text \<open>
  For a bounded operator A that is symmetric on a closed subspace S, the bottom of the spectrum
  of A on S is the infimum m of the numerical range: below m, A - l is coercive and hence
  bijective (Banach fixed point); at m it is not surjective, since a surjective symmetric
  operator is bounded below (Baire category) while A - m has vectors of norm one with
  arbitrarily small quadratic form.

  Since the quadratic forms of H + t Q*Q and P H P* agree on H1, this variational principle gives
  lambda_t \<le> lambda_infty. For the lower bound split x = u + v with u = P x, v = Q x; as u \<bottom> v the
  cross term \<langle>H u, v\<rangle> equals \<langle>(H + 1) u, v\<rangle>, so
  \<langle>H_t x, x\<rangle> \<ge> lambda_infty |u|^2 - 2 N |u| |v| + t |v|^2 with N = \<parallel>H + 1\<parallel>, and minimizing this
  2 \<times> 2 form gives lambda_t \<ge> lambda_infty - N^2 / (t - lambda_infty). The stated bounds follow
  from 0 \<le> lambda_infty \<le> N - 1 and t \<ge> 2 N^2.
\<close>

lemma quadratic_nonneg_imp_discriminant_le:
  fixes a b c :: real
  assumes nonneg: "\<And>s. 0 \<le> a + 2 * s * b + s\<^sup>2 * c" and "c \<ge> 0"
  shows "b\<^sup>2 \<le> a * c"
proof (cases "c = 0")
  case True
  show ?thesis
  proof (cases "b = 0")
    case False
    have "0 \<le> a + 2 * (- (a + 1) / (2 * b)) * b + (- (a + 1) / (2 * b))\<^sup>2 * c" by (rule nonneg)
    with False True show ?thesis by (simp add: field_simps)
  qed (use True in simp)
next
  case False
  then have c: "c > 0" using \<open>c \<ge> 0\<close> by simp
  have "0 \<le> a + 2 * (- b / c) * b + (- b / c)\<^sup>2 * c" by (rule nonneg)
  then have "b\<^sup>2 / c \<le> a" using c by (simp add: field_simps power2_eq_square)
  then show ?thesis using c by (simp add: divide_le_eq mult.commute)
qed

lemma coercive_contraction:
  fixes T :: "'a::real_inner \<Rightarrow> 'a"
  assumes T: "bounded_linear T" and d: "d > 0"
    and coercive: "\<And>x. x \<in> S \<Longrightarrow> d * (norm x)\<^sup>2 \<le> inner (T x) x"
  obtains c q where "c \<noteq> 0" "0 \<le> q" "q < 1"
    "\<forall>w\<in>S. (norm (w - c *\<^sub>R T w))\<^sup>2 \<le> q * (norm w)\<^sup>2"
proof -
  interpret T: bounded_linear T by fact
  obtain K0 where K0: "\<And>x. norm (T x) \<le> norm x * K0" "K0 > 0" using T.pos_bounded by blast
  define K where "K = K0 + d"
  have K: "norm (T x) \<le> norm x * K" for x
    using K0(1)[of x] mult_left_mono[of K0 K "norm x"] d unfolding K_def by simp
  have "d < K" using K0 unfolding K_def by simp
  define c where "c = d / K\<^sup>2"
  define q where "q = 1 - d\<^sup>2 / K\<^sup>2"
  have "d\<^sup>2 < K\<^sup>2" using \<open>d < K\<close> d by (intro power_strict_mono) auto
  then have "0 \<le> q" "q < 1" using \<open>d < K\<close> d unfolding q_def by auto
  moreover have "c > 0" using d \<open>d < K\<close> unfolding c_def by simp
  moreover have "(norm (w - c *\<^sub>R T w))\<^sup>2 \<le> q * (norm w)\<^sup>2" if "w \<in> S" for w
  proof -
    have "(norm (w - c *\<^sub>R T w))\<^sup>2 = (norm w)\<^sup>2 - 2 * c * inner (T w) w + c\<^sup>2 * (norm (T w))\<^sup>2"
      by (simp only: power2_norm_eq_inner inner_diff_left inner_diff_right inner_scaleR_left
          inner_scaleR_right inner_commute[of w "T w"]) (simp add: power2_eq_square algebra_simps)
    also have "\<dots> \<le> (norm w)\<^sup>2 - 2 * c * (d * (norm w)\<^sup>2) + c\<^sup>2 * (norm w * K)\<^sup>2"
    proof -
      have "c * (d * (norm w)\<^sup>2) \<le> c * inner (T w) w"
        using coercive[OF that] \<open>c > 0\<close> by (intro mult_left_mono) auto
      moreover have "c\<^sup>2 * (norm (T w))\<^sup>2 \<le> c\<^sup>2 * (norm w * K)\<^sup>2"
        using K by (intro mult_left_mono power_mono) auto
      ultimately show ?thesis by linarith
    qed
    also have "\<dots> = q * (norm w)\<^sup>2" using \<open>d < K\<close> d unfolding c_def q_def
      by (simp add: field_simps power2_eq_square)
    finally show ?thesis .
  qed
  ultimately show thesis by (intro that[of c q]) auto
qed

lemma coercive_imp_bij_betw:
  fixes S :: "'a::{real_inner,complete_space} set"
  assumes closed: "closed S" and sub: "subspace S" and T: "bounded_linear T"
    and TS: "\<And>x. x \<in> S \<Longrightarrow> T x \<in> S" and d: "d > 0"
    and coercive: "\<And>x. x \<in> S \<Longrightarrow> d * (norm x)\<^sup>2 \<le> inner (T x) x"
  shows "bij_betw T S S"
proof -
  interpret T: bounded_linear T by fact
  have "inj_on T S"
  proof (rule inj_onI)
    fix x y assume "x \<in> S" "y \<in> S" "T x = T y"
    then have "x - y \<in> S" "T (x - y) = 0" using sub by (auto simp: subspace_diff T.diff)
    then have "d * (norm (x - y))\<^sup>2 \<le> 0" using coercive by fastforce
    then show "x = y" using d by (simp add: mult_le_0_iff)
  qed
  moreover obtain c q where c: "c \<noteq> 0" and q: "0 \<le> q" "q < 1"
    and contraction: "\<forall>w\<in>S. (norm (w - c *\<^sub>R T w))\<^sup>2 \<le> q * (norm w)\<^sup>2"
    using T d coercive by (rule coercive_contraction)
  have "S \<subseteq> T ` S"
  proof
    fix y assume y: "y \<in> S"
    define G where "G x = x - c *\<^sub>R (T x - y)" for x
    have "\<exists>!x\<in>S. G x = x"
    proof (rule Banach_fix)
      show "complete S" using closed by (simp add: complete_eq_closed)
      show "S \<noteq> {}" using sub subspace_0 by blast
      show "0 \<le> sqrt q" "sqrt q < 1" using q by simp_all
      show "G ` S \<subseteq> S" unfolding G_def using sub TS y
        by (auto intro!: subspace_diff subspace_scale)
      fix x z assume "x \<in> S" "z \<in> S"
      then have "x - z \<in> S" using sub by (simp add: subspace_diff)
      moreover have "G x - G z = (x - z) - c *\<^sub>R T (x - z)"
        unfolding G_def by (simp add: T.diff algebra_simps)
      ultimately have "(norm (G x - G z))\<^sup>2 \<le> q * (norm (x - z))\<^sup>2" using contraction by simp
      then have "sqrt ((norm (G x - G z))\<^sup>2) \<le> sqrt (q * (norm (x - z))\<^sup>2)"
        using real_sqrt_le_mono by blast
      then show "dist (G x) (G z) \<le> sqrt q * dist x z"
        by (simp add: dist_norm real_sqrt_mult)
    qed
    then obtain x where "x \<in> S" "G x = x" by blast
    with c show "y \<in> T ` S" unfolding G_def by force
  qed
  ultimately show ?thesis using TS by (auto simp: bij_betw_def)
qed

definition numerical_range :: "'a::real_inner set \<Rightarrow> ('a \<Rightarrow> 'a) \<Rightarrow> real set" where
  "numerical_range S A = {inner (A x) x | x. x \<in> S \<and> norm x = 1}"

locale symmetric_operator_on =
  fixes S :: "'a::{real_inner,complete_space} set" and A :: "'a \<Rightarrow> 'a"
  assumes closed_S: "closed S" and subspace_S: "subspace S"
    and bounded_linear_A: "bounded_linear A"
    and A_maps_into: "\<And>x. x \<in> S \<Longrightarrow> A x \<in> S"
    and A_symmetric: "\<And>x y. x \<in> S \<Longrightarrow> y \<in> S \<Longrightarrow> inner (A x) y = inner x (A y)"
begin

interpretation A: bounded_linear A by (fact bounded_linear_A)

lemma shift: "symmetric_operator_on S (\<lambda>x. A x - l *\<^sub>R x)"
proof (rule symmetric_operator_on.intro)
  show "bounded_linear (\<lambda>x. A x - l *\<^sub>R x)"
    by (intro bounded_linear_sub bounded_linear_scaleR_right bounded_linear_ident bounded_linear_A)
  show "A x - l *\<^sub>R x \<in> S" if "x \<in> S" for x
    using that A_maps_into subspace_S by (simp add: subspace_diff subspace_scale)
  show "inner (A x - l *\<^sub>R x) y = inner x (A y - l *\<^sub>R y)" if "x \<in> S" "y \<in> S" for x y
    using A_symmetric[OF that] by (simp add: inner_diff_left inner_diff_right inner_commute)
qed (fact closed_S subspace_S)+

lemma quadratic_form_Cauchy_Schwarz:
  assumes nonneg: "\<And>x. x \<in> S \<Longrightarrow> 0 \<le> inner (A x) x" and x: "x \<in> S" and y: "y \<in> S"
  shows "(inner (A x) y)\<^sup>2 \<le> inner (A x) x * inner (A y) y"
proof (rule quadratic_nonneg_imp_discriminant_le[OF _ nonneg[OF y]])
  fix s :: real
  have "0 \<le> inner (A (x + s *\<^sub>R y)) (x + s *\<^sub>R y)"
    using x y subspace_S by (intro nonneg subspace_add subspace_scale)
  also have "\<dots> = inner (A x) x + s * inner (A x) y + s * inner (A y) x + s\<^sup>2 * inner (A y) y"
    by (simp add: A.add A.scaleR inner_add_left inner_add_right power2_eq_square algebra_simps)
  also have "inner (A y) x = inner (A x) y" using A_symmetric[OF y x] by (simp add: inner_commute)
  finally show "0 \<le> inner (A x) x + 2 * s * inner (A x) y + s\<^sup>2 * inner (A y) y" by simp
qed

lemma norm_square_le_quadratic_form:
  assumes nonneg: "\<And>x. x \<in> S \<Longrightarrow> 0 \<le> inner (A x) x"
  obtains K where "K > 0" "\<forall>x\<in>S. (norm (A x))\<^sup>2 \<le> K * inner (A x) x"
proof -
  obtain K where K: "\<And>x. norm (A x) \<le> norm x * K" "K > 0" using A.pos_bounded by blast
  have "(norm (A x))\<^sup>2 \<le> K * inner (A x) x" if x: "x \<in> S" for x
  proof -
    define z where "z = A x"
    have z: "z \<in> S" using A_maps_into x unfolding z_def by simp
    have "(norm z)\<^sup>2 * (norm z)\<^sup>2 = (inner (A x) z)\<^sup>2"
      by (simp only: z_def power2_norm_eq_inner) (simp add: power2_eq_square)
    also have "\<dots> \<le> inner (A x) x * inner (A z) z"
      using nonneg x z by (rule quadratic_form_Cauchy_Schwarz)
    also have "\<dots> \<le> inner (A x) x * (K * (norm z)\<^sup>2)"
    proof (rule mult_left_mono[OF _ nonneg[OF x]])
      have "inner (A z) z \<le> norm (A z) * norm z" by (rule norm_cauchy_schwarz)
      also have "\<dots> \<le> norm z * K * norm z" using K(1)[of z] by (intro mult_right_mono) auto
      finally show "inner (A z) z \<le> K * (norm z)\<^sup>2" by (simp add: power2_eq_square algebra_simps)
    qed
    finally have bound: "(norm z)\<^sup>2 * (norm z)\<^sup>2 \<le> (K * inner (A x) x) * (norm z)\<^sup>2"
      by (simp add: algebra_simps)
    have "(norm z)\<^sup>2 \<le> K * inner (A x) x"
    proof (cases "z = 0")
      case False
      show ?thesis by (rule mult_right_le_imp_le[OF bound]) (simp add: False)
    qed (use K nonneg[OF x] in simp)
    then show ?thesis unfolding z_def .
  qed
  with K show thesis by (intro that) auto
qed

◆ **What is needed**:
For this exercise, repeat exactly the lines of the data above from the one with "using x y subspace_S" down to the one with "(simp add: inner_commute)", both end lines included.

◆ **Solution to the problem**:
    using x y subspace_S by (intro nonneg subspace_add subspace_scale)
  also have "\<dots> = inner (A x) x + s * inner (A x) y + s * inner (A y) x + s\<^sup>2 * inner (A y) y"
    by (simp add: A.add A.scaleR inner_add_left inner_add_right power2_eq_square algebra_simps)
  also have "inner (A y) x = inner (A x) y" using A_symmetric[OF y x] by (simp add: inner_commute)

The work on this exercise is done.